SQLite Sequence Store
=====================
High-performance SQLite-backed storage for sequence metadata with compression support.
Overview
--------
The SequenceStore provides fast, indexed access to sequence data:
* **Indexed Lookups**: O(log N) access by GID, length, or hash
* **Compression**: Optional zstd compression
* **Batch Operations**: Efficient bulk insert and multi-get operations
* **Thread-Safe Reads**: Immutable read-only connections never lock
* **Atomic Writes**: Build in temp file, atomically publish when complete
Database Schema
---------------
The store uses a single table with indexes::
CREATE TABLE sequences (
gid INTEGER PRIMARY KEY, -- Global sequence ID
len INTEGER NOT NULL, -- Sequence length (amino acids)
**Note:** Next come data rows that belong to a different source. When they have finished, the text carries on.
lemma ms_stabilizes_of_lyapunov:
  fixes A P C :: "real^'n^'n" and B :: "real^'m^'n" and K :: "real^'n^'m"
  assumes P_pd: "posdef P" and C_pd: "posdef C"
    and M_prob: "prob_space M" and M_sets: "sets M = sets borel"
    and M_cov: "integrable M (\<lambda>x. x \<bullet> x)"
    and q: "0 \<le> q" "q \<le> 1"
    and lyapunov: "\<And>x. (1 - q) * quad_form P ((A + B ** K) *v x)
           + q * quad_form P (A *v x) = quad_form P x - quad_form C x"
  shows "ms_stabilizes A B K q M"
proof -
  obtain \<rho> where \<rho>: "0 \<le> \<rho>" "\<rho> < 1"
    and contraction: "\<And>z::real^'n. quad_form P z - quad_form C z \<le> \<rho> * quad_form P z"
    using posdef_lyapunov_contraction[OF P_pd C_pd] by blast
  have decrease: "(1 - q) * quad_form P ((A + B ** K) *v z)
           + q * quad_form P (A *v z) \<le> \<rho> * quad_form P z" for z
    using lyapunov[of z] contraction[of z] by simp
  obtain D where D: "0 \<le> D"
    and bound: "\<And>x t. (\<integral>\<^sup>+l. ennreal (cl_state A B K l x t \<bullet> cl_state A B K l x t)
              \<partial>loss_pmf q t)
           \<le> ennreal (\<rho> ^ t * D * (x \<bullet> x))"
    using nn_integral_inner_cl_state_le[OF P_pd q \<rho>(1) decrease] by blast
  define I where "I = (\<integral>x. x \<bullet> x \<partial>M)"
  have upper: "ms_energy A B K q M t \<le> \<rho> ^ t * D * I" for t
    unfolding I_def by (rule ms_energy_le[OF M_prob M_sets M_cov _ bound]) (use \<rho> D in simp)
  have decay: "(\<lambda>t. \<rho> ^ t * D * I) \<longlonglongrightarrow> 0"
    using tendsto_mult_right[OF LIMSEQ_realpow_zero[OF \<rho>], of "D * I"] by (simp add: mult.assoc)
  show ?thesis unfolding ms_stabilizes_def
    by (rule tendsto_sandwich[OF _ _ tendsto_const decay]) (auto intro!: always_eventually ms_energy_nonneg upper)
qed

lemma ms_stabilizes_Khat:
  fixes A Q :: "real^'n^'n" and B :: "real^'m^'n" and R :: "real^'m^'m"
    and M :: "(real^'n) measure"
  assumes R_pd: "posdef R"
    and M_prob: "prob_space M" and M_sets: "sets M = sets borel"
    and M_cov: "integrable M (\<lambda>x. x \<bullet> x)"
    and q: "0 \<le> q" "q \<le> 1"
    and unique: "\<exists>!X. posdef X \<and> mre A B Q R qh X"
    and C_pd: "posdef (Cmat A B Q R q qh)"
  shows "ms_stabilizes A B (Khat A B Q R qh) q M"
proof -
  define P where "P = Phat A B Q R qh"
  have P: "posdef P" "mre A B Q R qh P"
    unfolding P_def Phat_def using theI'[OF unique] by auto
  show ?thesis
    by (rule ms_stabilizes_of_lyapunov[OF P(1) C_pd M_prob M_sets M_cov q])
      (use riccati_lyapunov_identity[OF P(1) R_pd P(2), of q] in \<open>simp add: Cmat_def Khat_def P_def Let_def\<close>)
qed

lemma qhat_nonneg: "0 \<le> qhat N lam"
  unfolding qhat_def by (intro divide_nonneg_nonneg sum_nonneg) auto

lemma qhat_eq_card: "0 < N \<Longrightarrow> qhat N lam = 1 - real (card {i\<in>{1..N}. lam i}) / real N"
proof -
  assume "0 < N"
  have "{i\<in>{1..N}. lam i} = {1..N} \<inter> {i. lam i}" by auto
  then have "(\<Sum>i\<in>{1..N}. of_bool (lam i) :: real) = real (card {i\<in>{1..N}. lam i})"
    by (simp add: sum_of_bool_eq)
  then show ?thesis using \<open>0 < N\<close> by (simp add: qhat_def sum_subtractf diff_divide_distrib)
qed

lemma prob_qhat_close_ge:
  assumes q: "0 \<le> q" "q \<le> 1" and N: "0 < N" and \<delta>: "0 \<le> \<delta>"
  shows "1 - exp (- 2 * real N * \<delta>\<^sup>2)
           \<le> measure_pmf.prob (Pi_pmf {1..N} False (\<lambda>_. bernoulli_pmf (1 - q))) {lam. q - qhat N lam < \<delta>}"
proof -
  define coins where "coins = Pi_pmf {1..N} False (\<lambda>_. bernoulli_pmf (1 - q))"
  define count where "count = (\<lambda>lam::nat \<Rightarrow> bool. card {i\<in>{1..N}. lam i})"
  have binomial: "binomial_pmf N (1 - q) = map_pmf count coins"
    unfolding coins_def count_def by (rule binomial_pmf_altdef') (use q in auto)
  have "{lam. \<delta> \<le> q - qhat N lam} = count -` {k. (1 - q) + \<delta> \<le> real k / real N}"
    by (auto simp: qhat_eq_card[OF N] count_def)
  then have "measure_pmf.prob coins {lam. \<delta> \<le> q - qhat N lam}
      = measure_pmf.prob (binomial_pmf N (1 - q)) {k. (1 - q) + \<delta> \<le> real k / real N}"
    by (simp add: binomial)
  also have "\<dots> \<le> exp (- 2 * real N * \<delta>\<^sup>2)"
    using binomial_distribution.prob_ge'[of "1 - q" N \<delta>] q N \<delta>
    by (simp add: binomial_distribution_def)
  finally have "measure_pmf.prob coins {lam. \<delta> \<le> q - qhat N lam} \<le> exp (- 2 * real N * \<delta>\<^sup>2)" .
  moreover have "measure_pmf.prob coins (space coins - {lam. \<delta> \<le> q - qhat N lam})
      = 1 - measure_pmf.prob coins {lam. \<delta> \<le> q - qhat N lam}"
    by (rule measure_pmf.prob_compl) simp
  moreover have "space coins - {lam. \<delta> \<le> q - qhat N lam} = {lam. q - qhat N lam < \<delta>}" by auto
  ultimately show ?thesis unfolding coins_def by simp
qed

lemma delta_bar_witness:
  assumes L: "0 < L" and d_pos: "0 < delta_bar A B Q R qc q"
    and N_large: "ereal L / (2 * (delta_bar A B Q R qc q)\<^sup>2) < ereal (real N)"
  obtains \<delta> where "0 \<le> \<delta>"
    "\<And>qh. 0 \<le> qh \<Longrightarrow> qh < qc \<Longrightarrow> q - qh < \<delta> \<Longrightarrow> posdef (Cmat A B Q R q qh)"
    "L < 2 * real N * \<delta>\<^sup>2"
proof -
  define S where "S = {\<delta>. 0 \<le> \<delta> \<and> (\<forall>qh. 0 \<le> qh \<and> qh < qc \<and> q - qh < \<delta> \<longrightarrow> posdef (Cmat A B Q R q qh))}"
  define r where "r = sqrt (L / (2 * real N))"
  have "0 < N \<and> ereal r < delta_bar A B Q R qc q"
  proof (cases "delta_bar A B Q R qc q")
    case (real d)
    then have d: "0 < d" and N_d: "L / (2 * d\<^sup>2) < real N"
      using d_pos N_large by (simp_all add: power2_eq_square)
    moreover have "0 < L / (2 * d\<^sup>2)" using L d by simp
    ultimately have "0 < real N" by linarith
    moreover from this have "r\<^sup>2 < d\<^sup>2" using L N_d d by (simp add: r_def field_simps)
    ultimately show ?thesis using d real by (simp add: power2_less_imp_less)
  qed (use d_pos N_large in auto)
  then have N: "0 < N" and "ereal r < delta_bar A B Q R qc q" by auto
  then obtain \<delta> where \<delta>: "\<delta> \<in> S" "r < \<delta>"
    unfolding delta_bar_def S_def[symmetric] less_Sup_iff by auto
  have "0 \<le> r" using L by (simp add: r_def)
  with \<delta>(2) have "r\<^sup>2 < \<delta>\<^sup>2" by (rule power_strict_mono) simp_all
  moreover have "L = 2 * real N * r\<^sup>2" using L N by (simp add: r_def)
  ultimately have "L < 2 * real N * \<delta>\<^sup>2" using N by simp
  with \<delta>(1) show thesis using that unfolding S_def by blast
qed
hash8 INTEGER, -- 8-byte SHA1 hash for dedup
seq BLOB NOT NULL, -- Compressed sequence
shard INTEGER, -- Source shard ID
local_idx INTEGER, -- Index within shard
header BLOB -- Compressed header (optional)
);
CREATE INDEX idx_len ON sequences(len); -- Length-based filtering
CREATE INDEX idx_hash8 ON sequences(hash8); -- Hash-based dedup
CREATE INDEX idx_header ON sequences(header);
Basic Usage
-----------
**Writing (Build Time):**
>>> from starling.search import SequenceStore
>>>
>>> # Open writer (builds in temp file)
>>> store = SequenceStore.open_writer("sequences.sqlite")
>>>
>>> # Prepare rows: (gid, len, hash8, seq_blob, shard, local_idx, header_blob)
>>> rows = []
>>> for gid, seq in enumerate(sequences):
... seq_blob = SequenceStore.encode_seq(seq, compress=True)
... header_blob = SequenceStore.encode_header(header, compress=True)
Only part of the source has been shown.